If you look at the council member's votes you will see which recently elected or reelected candidates live up to their campaign pronouncements. I would say watch the council discussion prior to the vote except that can be misleading as one of those members tends to vocally argue for public consumption one way and then tends to quietly vote the other way. Since council member Dubois has had to excuse himself from some of the critical discussions and vote this has lead to a stalemate.


4 people like this
Posted by SteveU
a resident of Barron Park
on Jul 17, 2015 at 12:41 pm

SteveU is a registered user.

CSAA would be a very nice ground floor neighbor to have.
If you (the city developers) must, build Residential units OVER low key customer-service businesses like AAA.

BTW
Where are all these people, that need housing, coming from? Have you seen all the Housing units being built in Mountain View? Hundreds of apartments under construction just along major roads.


3 people like this
Posted by Robert
a resident of another community
on Jul 17, 2015 at 1:54 pm

"Where are all these people, that need housing, coming from?"
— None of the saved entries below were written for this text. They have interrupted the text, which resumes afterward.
lemma sum_cycle_pos:
  assumes t: "\<tau> \<in> words {0..<k} (n - j)" and jn: "j \<le> n"
  shows "(\<Sum>u\<in>words {0..<k} n. g (cycle_pos i j \<tau> u)) = (\<Sum>q\<in>words {0..<k} j. g (edge_proj i q)) + (k ^ n - k ^ j) * g (outside_pos i j \<tau>)"
proof -
  let ?W = "words {0..<k} n"
  define S1 where "S1 = (\<lambda>q. q @ \<tau>) ` words {0..<k} j"
  have S1W: "S1 \<subseteq> ?W" unfolding S1_def using t jn unfolding words_def by (auto simp: subset_iff)
  have inj: "inj_on (\<lambda>q. q @ \<tau>) (words {0..<k} j)" by (rule inj_onI) simp
  have cS1: "card S1 = k ^ j" unfolding S1_def using card_image[OF inj] card_words by simp
  have S1c: "u \<in> S1 \<longleftrightarrow> u \<in> ?W \<and> drop j u = \<tau>" for u
  proof
    assume "u \<in> S1"
    then obtain q where "q \<in> words {0..<k} j" "u = q @ \<tau>" unfolding S1_def by auto
    then show "u \<in> ?W \<and> drop j u = \<tau>" using S1W \<open>u \<in> S1\<close> by (auto simp: length_words)
  next
    assume h: "u \<in> ?W \<and> drop j u = \<tau>"
    then have "take j u \<in> words {0..<k} j" unfolding words_def using jn
      by (auto dest: in_set_takeD)
    moreover have "u = take j u @ \<tau>" using h by (metis append_take_drop_id)
    ultimately show "u \<in> S1" unfolding S1_def by blast
  qed
  have fin: "finite ?W" by (simp add: finite_words)
  have "(\<Sum>u\<in>?W. g (cycle_pos i j \<tau> u)) = (\<Sum>u\<in>S1. g (cycle_pos i j \<tau> u)) + (\<Sum>u\<in>?W - S1. g (cycle_pos i j \<tau> u))"
    using sum.subset_diff[OF S1W fin] by (simp add: add.commute)
  also have "(\<Sum>u\<in>S1. g (cycle_pos i j \<tau> u)) = (\<Sum>q\<in>words {0..<k} j. g (cycle_pos i j \<tau> (q @ \<tau>)))"
    unfolding S1_def by (rule sum.reindex[OF inj, unfolded comp_def])
  also have "\<dots> = (\<Sum>q\<in>words {0..<k} j. g (edge_proj i q))"
    by (rule sum.cong) (auto simp: cycle_pos_def length_words)
  also have "(\<Sum>u\<in>?W - S1. g (cycle_pos i j \<tau> u)) = (\<Sum>u\<in>?W - S1. g (outside_pos i j \<tau>))"
    by (rule sum.cong) (auto simp: cycle_pos_def S1c)
  also have "\<dots> = (k ^ n - k ^ j) * g (outside_pos i j \<tau>)"
    using card_Diff_subset[OF finite_subset[OF S1W fin] S1W] cS1 card_words[of "{0..<k}" n] by simp
  finally show ?thesis .
qed

lemma cycle_pair_sum:
  assumes t: "\<tau> \<in> words {0..<k} (n - j)" and jn: "j \<le> n"
  shows "(\<Sum>u\<in>words {0..<k} n. \<Sum>w\<in>words {0..<k} n. cyc_dist (2 ^ j) (cycle_pos i j \<tau> u) (cycle_pos i j \<tau> w))
     = pair_sum k i j + 2 * (k ^ n - k ^ j) * gate_sum k i j (outside_pos i j \<tau>)"
proof -
  let ?Q = "words {0..<k} j"
  let ?d = "outside_pos i j \<tau>"
  let ?N = "k ^ n - k ^ j"
  have "(\<Sum>u\<in>words {0..<k} n. \<Sum>w\<in>words {0..<k} n. cyc_dist (2 ^ j) (cycle_pos i j \<tau> u) (cycle_pos i j \<tau> w))
      = (\<Sum>u\<in>words {0..<k} n. (\<lambda>x. (\<Sum>q\<in>?Q. cyc_dist (2 ^ j) x (edge_proj i q)) + ?N * cyc_dist (2 ^ j) x ?d) (cycle_pos i j \<tau> u))"
    using sum_cycle_pos[OF t jn] by simp
  also have "\<dots> = (\<Sum>q'\<in>?Q. (\<Sum>q\<in>?Q. cyc_dist (2 ^ j) (edge_proj i q') (edge_proj i q)) + ?N * cyc_dist (2 ^ j) (edge_proj i q') ?d)
       + ?N * ((\<Sum>q\<in>?Q. cyc_dist (2 ^ j) ?d (edge_proj i q)) + ?N * cyc_dist (2 ^ j) ?d ?d)"
    by (rule sum_cycle_pos[OF t jn])
  also have "\<dots> = pair_sum k i j + ?N * gate_sum k i j ?d + ?N * gate_sum k i j ?d"
    unfolding pair_sum_def gate_sum_def by (simp add: sum.distrib sum_distrib_left cyc_dist_commute[of "2 ^ j" ?d])
  finally show ?thesis by simp
qed

lemma sum_cactus_dist:
  "(\<Sum>u\<in>words {0..<k} n. \<Sum>w\<in>words {0..<k} n. cactus_dist k n u w)
   = (\<Sum>(i, j, \<tau>)\<in>cycles k n. pair_sum k i j + 2 * (k ^ n - k ^ j) * gate_sum k i j (outside_pos i j \<tau>))"
proof -
  have "(\<Sum>u\<in>words {0..<k} n. \<Sum>w\<in>words {0..<k} n. cactus_dist k n u w)
      = (\<Sum>u\<in>words {0..<k} n. \<Sum>w\<in>words {0..<k} n. \<Sum>B\<in>cycles k n.
           (\<lambda>(i, j, \<tau>). cyc_dist (2 ^ j) (cycle_pos i j \<tau> u) (cycle_pos i j \<tau> w)) B)"
    unfolding cactus_dist_def by simp
  also have "\<dots> = (\<Sum>u\<in>words {0..<k} n. \<Sum>B\<in>cycles k n. \<Sum>w\<in>words {0..<k} n.
           (\<lambda>(i, j, \<tau>). cyc_dist (2 ^ j) (cycle_pos i j \<tau> u) (cycle_pos i j \<tau> w)) B)"
    by (rule sum.cong[OF refl]) (rule sum.swap)
  also have "\<dots> = (\<Sum>B\<in>cycles k n. \<Sum>u\<in>words {0..<k} n. \<Sum>w\<in>words {0..<k} n.
           (\<lambda>(i, j, \<tau>). cyc_dist (2 ^ j) (cycle_pos i j \<tau> u) (cycle_pos i j \<tau> w)) B)"
    by (rule sum.swap)
  also have "\<dots> = (\<Sum>(i, j, \<tau>)\<in>cycles k n. pair_sum k i j + 2 * (k ^ n - k ^ j) * gate_sum k i j (outside_pos i j \<tau>))"
  proof (rule sum.cong[OF refl])
    fix B assume "B \<in> cycles k n"
    then obtain i j \<tau> where B: "B = (i, j, \<tau>)" "\<tau> \<in> words {0..<k} (n - j)" "j \<le> n"
      unfolding cycles_def by auto
    show "(\<Sum>u\<in>words {0..<k} n. \<Sum>w\<in>words {0..<k} n. (\<lambda>(i, j, \<tau>). cyc_dist (2 ^ j) (cycle_pos i j \<tau> u) (cycle_pos i j \<tau> w)) B)
        = (\<lambda>(i, j, \<tau>). pair_sum k i j + 2 * (k ^ n - k ^ j) * gate_sum k i j (outside_pos i j \<tau>)) B"
      using cycle_pair_sum[OF B(2,3)] B(1) by simp
  qed
  finally show ?thesis .
qed

definition suffixes :: "nat \<Rightarrow> nat \<Rightarrow> nat \<Rightarrow> nat \<Rightarrow> nat list set" where
  "suffixes k n i j = {\<tau> \<in> words {0..<k} (n - j). \<tau> = [] \<or> hd \<tau> \<notin> {i, Suc i}}"

lemma cycles_Sigma: "cycles k n = Sigma {..<k - 1} (\<lambda>i. Sigma {..n} (\<lambda>j. suffixes k n i j))"
  unfolding cycles_def suffixes_def by auto

lemma finite_suffixes: "finite (suffixes k n i j)"
  unfolding suffixes_def using finite_words by auto

lemma sum_cycles: "(\<Sum>(i, j, \<tau>)\<in>cycles k n. F i j \<tau>) = (\<Sum>i<k - 1. \<Sum>j\<le>n. \<Sum>\<tau>\<in>suffixes k n i j. F i j \<tau>)"
proof -
  have "(\<Sum>i<k - 1. \<Sum>j\<le>n. \<Sum>\<tau>\<in>suffixes k n i j. F i j \<tau>) = (\<Sum>i<k - 1. \<Sum>(j, \<tau>)\<in>Sigma {..n} (suffixes k n i). F i j \<tau>)"
    by (rule sum.cong[OF refl]) (rule sum.Sigma, auto simp: finite_suffixes)
  also have "\<dots> = (\<Sum>(i, j, \<tau>)\<in>Sigma {..<k - 1} (\<lambda>i. Sigma {..n} (suffixes k n i)). F i j \<tau>)"
    by (subst sum.Sigma) (auto simp: finite_suffixes)
  finally show ?thesis unfolding cycles_Sigma by simp
qed

lemma suffixes_full: "suffixes k n i n = {[]}"
  unfolding suffixes_def words_def by auto

lemma sum_suffixes_outside_pos:
  assumes jn: "j < n" and ik: "Suc i < k"
  shows "(\<Sum>\<tau>\<in>suffixes k n i j. F (outside_pos i j \<tau>)) = i * k ^ (n - j - 1) * F 0 + (k - 2 - i) * k ^ (n - j - 1) * F (2 ^ j - 1)"
proof -
  define m where "m = n - j - 1"
  have nj: "n - j = Suc m" unfolding m_def using jn by simp
  define Tlo where "Tlo = {\<tau> \<in> words {0..<k} (Suc m). hd \<tau> \<in> {0..<i}}"
  define Thi where "Thi = {\<tau> \<in> words {0..<k} (Suc m). hd \<tau> \<in> {Suc (Suc i)..<k}}"
  have TT: "suffixes k n i j = Tlo \<union> Thi"
  proof -
    have "\<tau> \<in> suffixes k n i j \<longleftrightarrow> \<tau> \<in> Tlo \<union> Thi" for \<tau>
    proof
      assume h: "\<tau> \<in> suffixes k n i j"
      then have w: "\<tau> \<in> words {0..<k} (Suc m)" and c: "\<tau> = [] \<or> hd \<tau> \<notin> {i, Suc i}" unfolding suffixes_def nj by auto
      then have ne: "\<tau> \<noteq> []" unfolding words_def by auto
      then have "hd \<tau> < k" using w unfolding words_def by (cases \<tau>) auto
      then show "\<tau> \<in> Tlo \<union> Thi" using c ne w unfolding Tlo_def Thi_def by auto
    next
      assume "\<tau> \<in> Tlo \<union> Thi"
      then show "\<tau> \<in> suffixes k n i j" unfolding suffixes_def Tlo_def Thi_def nj by auto
    qed
    then show ?thesis by blast
  qed
  have disj: "Tlo \<inter> Thi = {}" unfolding Tlo_def Thi_def by auto
  have fin: "finite Tlo" "finite Thi" unfolding Tlo_def Thi_def using finite_words by auto
  have "(\<Sum>\<tau>\<in>suffixes k n i j. F (outside_pos i j \<tau>)) = (\<Sum>\<tau>\<in>Tlo. F (outside_pos i j \<tau>)) + (\<Sum>\<tau>\<in>Thi. F (outside_pos i j \<tau>))"
    unfolding TT by (rule sum.union_disjoint[OF fin disj])
  also have "(\<Sum>\<tau>\<in>Tlo. F (outside_pos i j \<tau>)) = (\<Sum>\<tau>\<in>Tlo. F 0)"
    by (rule sum.cong) (auto simp: Tlo_def outside_pos_def)
  also have "(\<Sum>\<tau>\<in>Thi. F (outside_pos i j \<tau>)) = (\<Sum>\<tau>\<in>Thi. F (2 ^ j - 1))"
    by (rule sum.cong) (auto simp: Thi_def outside_pos_def)
  finally have e: "(\<Sum>\<tau>\<in>suffixes k n i j. F (outside_pos i j \<tau>)) = card Tlo * F 0 + card Thi * F (2 ^ j - 1)" by simp
  have "card Tlo = i * k ^ m" unfolding Tlo_def using card_words_hd_in[of "{0..<k}" "{0..<i}" m] ik by simp
  moreover have "card Thi = (k - 2 - i) * k ^ m" unfolding Thi_def using card_words_hd_in[of "{0..<k}" "{Suc (Suc i)..<k}" m] by simp
  ultimately show ?thesis using e unfolding m_def by simp
qed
Hmmm, I've heard a rumor that there may be a company or two around there that are hiring...


2 people like this
Posted by Susan
a resident of Midtown
on Jul 22, 2015 at 8:05 pm

If 90% (just a guess) of the new construction is mid-century modern, how will Palo Alto maintain its charm?? Are there any upcoming Spanish, Mission, Victorian (or other non-modern) projects coming up? If not, why not?


Like this comment
Posted by Crescent Park Dad
a resident of Crescent Park
on Jul 23, 2015 at 7:39 pm

Crescent Park Dad is a registered user.

Because the ARB shoots those designs down. Case in point would be the project that will go up on the corner of University and Cowper. The original design reflected the architecture found at Stanford. ARB told them to go more modern or go home.


Sorry, but further commenting on this topic has been closed.